Monday, April 2, 2012

Infrastructure Pricing Shouldn't Maximize Profits

This is how they rob us.--SS     

Infrastructure Pricing Shouldn't Maximize Profits:

Brad Plumer's rundown of the promise and peril of infrastructure privatization is a must-read, but in terms of first-best optimal policy solutions it seems to me that this conversation begins and ends with the basic point that it's not in the public interest for access to infrastructure projects to be priced at a profit-maximizing level.

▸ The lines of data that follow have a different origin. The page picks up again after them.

lemma card_pair_plan_support_le_2: "card {r\<in>S. 0 < pair_plan t \<tau> r1 r2 r} \<le> 2"
proof -
  have "card {r\<in>S. 0 < pair_plan t \<tau> r1 r2 r} \<le> card {r1, r2}"
    by (rule card_mono) (auto simp: pair_plan_def split: if_splits)
  also have "\<dots> \<le> 2"
    by (simp add: card_insert_if)
  finally show ?thesis .
qed

lemma pair_plan_between:
  assumes "t r1 < \<tau>" "\<tau> < t r2"
  shows "pair_plan t \<tau> r1 r2 r =
    (if r = r1 then (t r2 - \<tau>) / (t r2 - t r1) else 0) +
    (if r = r2 then (\<tau> - t r1) / (t r2 - t r1) else 0)"
  using assms by (auto simp: pair_plan_def)

lemma pair_plan_not_between:
  assumes "\<not> (t r1 < \<tau> \<and> \<tau> < t r2)"
  shows "pair_plan t \<tau> r1 r2 r = (if r = r1 then 1 else 0)"
  using assms by (auto simp: pair_plan_def)

lemma sum_pair_plan:
  assumes "finite S" "r1 \<in> S" "r2 \<in> S"
  shows "(\<Sum>r\<in>S. pair_plan t \<tau> r1 r2 r) = 1"
proof (cases "t r1 < \<tau> \<and> \<tau> < t r2")
  case True
  with assms show ?thesis
    by (simp add: pair_plan_between sum.distrib add_divide_distrib[symmetric])
next
  case False
  with assms show ?thesis
    by (simp add: pair_plan_not_between)
qed

lemma pair_plan_mean:
  assumes "finite S" "r1 \<in> S" "r2 \<in> S" "t r1 < \<tau> \<and> \<tau> < t r2 \<or> t r1 = \<tau>"
  shows "(\<Sum>r\<in>S. t r * pair_plan t \<tau> r1 r2 r) = \<tau>"
proof (cases "t r1 < \<tau> \<and> \<tau> < t r2")
  case True
  have "t r1 * (t r2 - \<tau>) + t r2 * (\<tau> - t r1) = \<tau> * (t r2 - t r1)"
    by algebra
  with True assms show ?thesis
    by (simp add: pair_plan_between sum.distrib distrib_left mult_delta_right
                  add_divide_distrib[symmetric])
next
  case False
  with assms show ?thesis
    by (simp add: pair_plan_not_between mult_delta_right)
qed

lemma pair_weight_nonneg:
  assumes "\<forall>r\<in>S. 0 \<le> x r" "r1 \<in> S" "r2 \<in> S"
  shows "0 \<le> pair_weight S x t \<tau> r1 r2"
proof -
  have "0 \<le> excess S x t \<tau>"
    unfolding excess_def using assms(1) by (intro sum_nonneg) auto
  with assms show ?thesis
    by (auto simp: pair_weight_def)
qed

lemma pair_plan_mean_if_pair_weight_pos:
  assumes "finite S" "r1 \<in> S" "r2 \<in> S" "0 < pair_weight S x t \<tau> r1 r2"
  shows "(\<Sum>r\<in>S. t r * pair_plan t \<tau> r1 r2 r) = \<tau>"
  using assms by (intro pair_plan_mean) (auto simp: pair_weight_def split: if_splits)

lemma excess_eq_shortfall:
  assumes "(\<Sum>r\<in>S. x r * (t r - \<tau>)) = 0"
  shows "excess S x t \<tau> = (\<Sum>r\<in>S. x r * max 0 (\<tau> - t r))"
proof -
  have "excess S x t \<tau> - (\<Sum>r\<in>S. x r * max 0 (\<tau> - t r)) = (\<Sum>r\<in>S. x r * (t r - \<tau>))"
    unfolding excess_def sum_subtractf[symmetric] by (intro sum.cong) (auto simp: max_def algebra_simps)
  with assms show ?thesis
    by simp
qed

lemma pair_weight_times_pair_plan:
  "pair_weight S x t \<tau> r1 r2 * pair_plan t \<tau> r1 r2 r =
     (if r = r1 \<and> t r < \<tau> then x r * (x r2 * max 0 (t r2 - \<tau>)) / excess S x t \<tau> else 0) +
     (if r = r2 \<and> \<tau> < t r then x r * (x r1 * max 0 (\<tau> - t r1)) / excess S x t \<tau> else 0) +
     (if r1 = r \<and> r2 = r \<and> t r = \<tau> then x r else 0)"
  by (cases "excess S x t \<tau> = 0") (auto simp: pair_weight_def pair_plan_def field_simps)

lemma sum_pair_weight_times_pair_plan:
  assumes "finite S" "\<forall>r\<in>S. 0 \<le> x r" "(\<Sum>r\<in>S. x r * (t r - \<tau>)) = 0" "r \<in> S"
  shows "(\<Sum>r1\<in>S. \<Sum>r2\<in>S. pair_weight S x t \<tau> r1 r2 * pair_plan t \<tau> r1 r2 r) = x r"
proof -
  define D where "D = excess S x t \<tau>"
  have shortfall: "(\<Sum>r\<in>S. x r * max 0 (\<tau> - t r)) = D"
    using excess_eq_shortfall[OF assms(3)] by (simp add: D_def)
  have below: "(\<Sum>r1\<in>S. \<Sum>r2\<in>S.
      if r = r1 \<and> t r < \<tau> then x r * (x r2 * max 0 (t r2 - \<tau>)) / D else 0) =
      (if t r < \<tau> then x r * D / D else 0)"
    using assms(1,4)
    by (subst sum.swap) (simp add: D_def excess_def sum_distrib_left sum_divide_distrib if_distrib)
  have above: "(\<Sum>r1\<in>S. \<Sum>r2\<in>S.
      if r = r2 \<and> \<tau> < t r then x r * (x r1 * max 0 (\<tau> - t r1)) / D else 0) =
      (if \<tau> < t r then x r * D / D else 0)"
    using assms(1,4) by (simp add: shortfall[symmetric] sum_distrib_left sum_divide_distrib if_distrib)
  have diagonal: "(\<Sum>r1\<in>S. \<Sum>r2\<in>S. if r1 = r \<and> r2 = r \<and> t r = \<tau> then x r else 0) =
      (if t r = \<tau> then x r else 0)"
    using assms(1,4) by (subst sum.swap) (simp flip: if_if_eq_conj)
  have "x r = 0" if "D = 0" "t r \<noteq> \<tau>"
  proof -
    have "(\<Sum>r\<in>S. x r * max 0 (t r - \<tau>)) = 0" "(\<Sum>r\<in>S. x r * max 0 (\<tau> - t r)) = 0"
      using that(1) shortfall by (simp_all add: D_def excess_def)
    then have "x r * max 0 (t r - \<tau>) = 0" "x r * max 0 (\<tau> - t r) = 0"
      using assms(1,2,4) by (simp_all add: sum_nonneg_eq_0_iff)
    with that(2) show ?thesis
      by (auto simp: max_def split: if_splits)
  qed
  then show ?thesis
    by (auto simp: pair_weight_times_pair_plan[of S x t \<tau>, folded D_def] sum.distrib below above diagonal)
qed

lemma sum_deviation_eq_0:
  fixes x t :: "'r \<Rightarrow> real"
  assumes "(\<Sum>r\<in>S. x r) = 1" "(\<Sum>r\<in>S. t r * x r) = \<tau>"
  shows "(\<Sum>r\<in>S. x r * (t r - \<tau>)) = 0"
proof -
  have "(\<Sum>r\<in>S. x r * (t r - \<tau>)) = (\<Sum>r\<in>S. t r * x r) - \<tau> * (\<Sum>r\<in>S. x r)"
    by (simp add: right_diff_distrib sum_subtractf sum_distrib_left mult.commute)
  with assms show ?thesis
    by simp
qed

lemma sum_pair_weight:
  assumes "finite S" "\<forall>r\<in>S. 0 \<le> x r" "(\<Sum>r\<in>S. x r) = 1" "(\<Sum>r\<in>S. t r * x r) = \<tau>"
  shows "(\<Sum>r1\<in>S. \<Sum>r2\<in>S. pair_weight S x t \<tau> r1 r2) = 1"
proof -
  have "(\<Sum>r1\<in>S. \<Sum>r2\<in>S. pair_weight S x t \<tau> r1 r2) =
      (\<Sum>r1\<in>S. \<Sum>r2\<in>S. \<Sum>r\<in>S. pair_weight S x t \<tau> r1 r2 * pair_plan t \<tau> r1 r2 r)"
    using assms(1) by (simp add: sum_pair_plan flip: sum_distrib_left)
  also have "\<dots> = (\<Sum>r1\<in>S. \<Sum>r\<in>S. \<Sum>r2\<in>S. pair_weight S x t \<tau> r1 r2 * pair_plan t \<tau> r1 r2 r)"
    by (intro sum.cong refl sum.swap)
  also have "\<dots> = (\<Sum>r\<in>S. \<Sum>r1\<in>S. \<Sum>r2\<in>S. pair_weight S x t \<tau> r1 r2 * pair_plan t \<tau> r1 r2 r)"
    by (rule sum.swap)
  also have "\<dots> = (\<Sum>r\<in>S. x r)"
    using assms by (simp add: sum_pair_weight_times_pair_plan sum_deviation_eq_0)
  finally show ?thesis
    using assms(3) by simp
qed

lemma pair_weight_le_1:
  assumes "finite S" "\<forall>r\<in>S. 0 \<le> x r" "(\<Sum>r\<in>S. x r) = 1" "(\<Sum>r\<in>S. t r * x r) = \<tau>"
    and "r1 \<in> S" "r2 \<in> S"
  shows "pair_weight S x t \<tau> r1 r2 \<le> 1"
proof -
  have "pair_weight S x t \<tau> r1 r2 \<le> (\<Sum>r2'\<in>S. pair_weight S x t \<tau> r1 r2')"
    using assms by (intro member_le_sum pair_weight_nonneg) auto
  also have "\<dots> \<le> (\<Sum>r1'\<in>S. \<Sum>r2'\<in>S. pair_weight S x t \<tau> r1' r2')"
    using assms by (intro member_le_sum sum_nonneg pair_weight_nonneg) auto
  also have "\<dots> = 1"
    using assms(1-4) by (rule sum_pair_weight)
  finally show ?thesis .
qed

lemma borel_measurable_pair_plan [measurable]:
  assumes [measurable]: "\<tau> \<in> borel_measurable M"
  shows "(\<lambda>i. pair_plan t (\<tau> i) r1 r2 r) \<in> borel_measurable M"
  unfolding pair_plan_def by measurable
lemma coset_zero: "K +>\<^bsub>M\<^esub> \<zero>\<^bsub>M\<^esub> = K"
  using submodule by (simp add: K.a_rcos_const submodule_def)

lemma quot_zero: "\<zero>\<^bsub>Q\<^esub> = K +>\<^bsub>M\<^esub> \<zero>\<^bsub>M\<^esub>"
  by (simp add: quot_mod_def coset_zero)

lemma coset_eq_iff:
  assumes x: "x \<in> carrier M" and y: "y \<in> carrier M"
  shows "K +>\<^bsub>M\<^esub> x = K +>\<^bsub>M\<^esub> y \<longleftrightarrow> x \<ominus>\<^bsub>M\<^esub> y \<in> K"
proof
  assume "K +>\<^bsub>M\<^esub> x = K +>\<^bsub>M\<^esub> y"
  then have "x \<in> K +>\<^bsub>M\<^esub> y" using K.a_rcos_self[OF x] by simp
  then show "x \<ominus>\<^bsub>M\<^esub> y \<in> K" using K.a_rcos_module_imp[OF y] by (simp add: a_minus_def)
next
  assume "x \<ominus>\<^bsub>M\<^esub> y \<in> K"
  then have "x \<in> K +>\<^bsub>M\<^esub> y" using K.a_rcos_module_rev[OF y x] by (simp add: a_minus_def)
  then show "K +>\<^bsub>M\<^esub> x = K +>\<^bsub>M\<^esub> y" using K.a_repr_independence'[OF _ y] by simp
qed

lemma coset_eq_K_iff: "x \<in> carrier M \<Longrightarrow> K +>\<^bsub>M\<^esub> x = K \<longleftrightarrow> x \<in> K"
  using coset_eq_iff[of x "\<zero>\<^bsub>M\<^esub>"] M.minus_equality[of "\<zero>\<^bsub>M\<^esub>" "\<zero>\<^bsub>M\<^esub>"]
  by (simp add: coset_zero M.minus_eq)

lemma some_coset_rep:
  assumes x: "x \<in> carrier M"
  shows "(SOME a. a \<in> K +>\<^bsub>M\<^esub> x) \<in> carrier M" "(SOME a. a \<in> K +>\<^bsub>M\<^esub> x) \<ominus>\<^bsub>M\<^esub> x \<in> K"
proof -
  have "(SOME a. a \<in> K +>\<^bsub>M\<^esub> x) \<in> K +>\<^bsub>M\<^esub> x" using K.a_rcos_self[OF x] by (rule someI)
  then show "(SOME a. a \<in> K +>\<^bsub>M\<^esub> x) \<in> carrier M" "(SOME a. a \<in> K +>\<^bsub>M\<^esub> x) \<ominus>\<^bsub>M\<^esub> x \<in> K"
    using K.a_elemrcos_carrier[OF x] K.a_rcos_module_imp[OF x] by (auto simp: a_minus_def)
qed

lemma quot_smult:
  assumes x: "x \<in> carrier M" and r: "r \<in> carrier R"
  shows "smult Q r (K +>\<^bsub>M\<^esub> x) = K +>\<^bsub>M\<^esub> smult M r x"
proof -
  define a where "a = (SOME a. a \<in> K +>\<^bsub>M\<^esub> x)"
  have a: "a \<in> carrier M" "a \<ominus>\<^bsub>M\<^esub> x \<in> K" using some_coset_rep[OF x] by (auto simp: a_def)
  then have "smult M r a \<ominus>\<^bsub>M\<^esub> smult M r x \<in> K"
    using smult_minus_right[OF r a(1) x] submodule r unfolding submodule_def by metis
  then show ?thesis using coset_eq_iff a x r by (simp add: quot_mod_def a_def)
qed

lemma quot_right_module: "right_module R Q"
proof -
  have "abelian_group Q"
  proof (rule abelian_groupI, goal_cases)
    case (1 x y) then show ?case by (auto elim!: quot_cases simp: quot_add)
  next case 2 then show ?case by (simp add: quot_zero)
  next case (3 x y z) then show ?case by (auto elim!: quot_cases simp: quot_add M.a_assoc)
  next case (4 x y) then show ?case by (auto elim!: quot_cases simp: quot_add M.a_comm)
  next case (5 x) then show ?case by (auto elim!: quot_cases simp: quot_add quot_zero)
  next case (6 x) then show ?case
      by (auto elim!: quot_cases simp: quot_add quot_zero M.l_neg
               intro!: bexI[of _ "K +>\<^bsub>M\<^esub> (\<ominus>\<^bsub>M\<^esub> _)"])
  qed
  then show ?thesis
    unfolding right_module_def
    by (auto elim!: quot_cases simp: R.ring_axioms quot_smult quot_add smult_add_left smult_add_right smult_mult)
qed

sublocale Q: right_mod R Q by (rule right_modI[OF quot_right_module])

lemma quot_map_hom: "module_hom R M Q (\<lambda>x. K +>\<^bsub>M\<^esub> x)"
  unfolding module_hom_def by (auto simp: quot_add quot_smult)

sublocale quot_map: right_mod_hom R M Q "\<lambda>x. K +>\<^bsub>M\<^esub> x"
  by (intro right_mod_homI right_module quot_right_module quot_map_hom)

lemma induced_hom:
  assumes N: "right_module R N" and f: "module_hom R M N f" and kill: "\<forall>k\<in>K. f k = \<zero>\<^bsub>N\<^esub>"
  shows "module_hom R Q N (\<lambda>A. f (SOME a. a \<in> A))"
    and "\<And>x. x \<in> carrier M \<Longrightarrow> f (SOME a. a \<in> K +>\<^bsub>M\<^esub> x) = f x"
proof -
  interpret f: right_mod_hom R M N f by (intro right_mod_homI right_module N f)
  show ev: "f (SOME a. a \<in> K +>\<^bsub>M\<^esub> x) = f x" if x: "x \<in> carrier M" for x
  proof -
    note a = some_coset_rep[OF x]
    have "f (SOME a. a \<in> K +>\<^bsub>M\<^esub> x) \<ominus>\<^bsub>N\<^esub> f x = \<zero>\<^bsub>N\<^esub>"
      using f.hom_minus[OF a(1) x] kill a(2) by simp
    then show ?thesis using a(1) x by (simp add: f.N.M.minus_eq_zero_iff)
  qed
  show "module_hom R Q N (\<lambda>A. f (SOME a. a \<in> A))"
    unfolding module_hom_def by (auto elim!: quot_cases simp: quot_add quot_smult ev f.hom_add f.hom_smult)
qed

end

lemma right_mod_quotI: "right_module R M \<Longrightarrow> submodule R M K \<Longrightarrow> right_mod_quot R M K"
  by (simp add: right_mod_quot_def right_mod_def right_mod_quot_axioms_def)

lemma RR_simps [simp]:
  "carrier (RR R) = carrier R" "add (RR R) = add R" "zero (RR R) = zero R"
  "smult (RR R) r x = x \<otimes>\<^bsub>R\<^esub> r" "mult (RR R) = mult R"
  by (simp_all add: RR_def)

Imagine a city that owns, among other things, a bridge. Sometimes this bridge is very crowded. The smart thing for the city to do is to put a toll on the bridge and set the toll high enough to leave traffic uncongested. One benefit of that policy is that it drastically reduces the quantity of economic waste generated by people sitting in traffic. Another benefit of that policy is that the toll revenue allows the city to decrease taxes, which reduces the quantity of deadweight loss created by those taxes. So far so good. And in practical political terms, a privately owned bridge may well do a better job of remembering to set the price high at peak demand times than would a public agency. But suppose the bridge isn't crowded at nights or on weekends? Well here the optimal thing to do is to make the bridge toll-free. After all, the city has the damn thing and so people may as well use it. Among other things, making the bridge free at points when demand is low facilitates time-switching of trips so that people who want to avoid the toll during peak hours have every incentive to use the bridge some other time. A private bridge owner, by contrast, doesn't want to ever let the bridge be toll-free. He's not really interested in managing congestion efficiently or maximizing the overall social value of the bridge. If he's smart, he'll make the bridge cheaper at low-demand times than at high-demand ones but it's never profit maximizing to offer a free bridge.


Now in the real world, publicly owned transportation infrastructure is essentially never priced optimally as I outlined above. So it's very possible that in practice some jurisdictions are reaping some gains by moving to privatization. But in a structural sense, privatizing your bridges is a step toward locking bad pricing policies in permanently.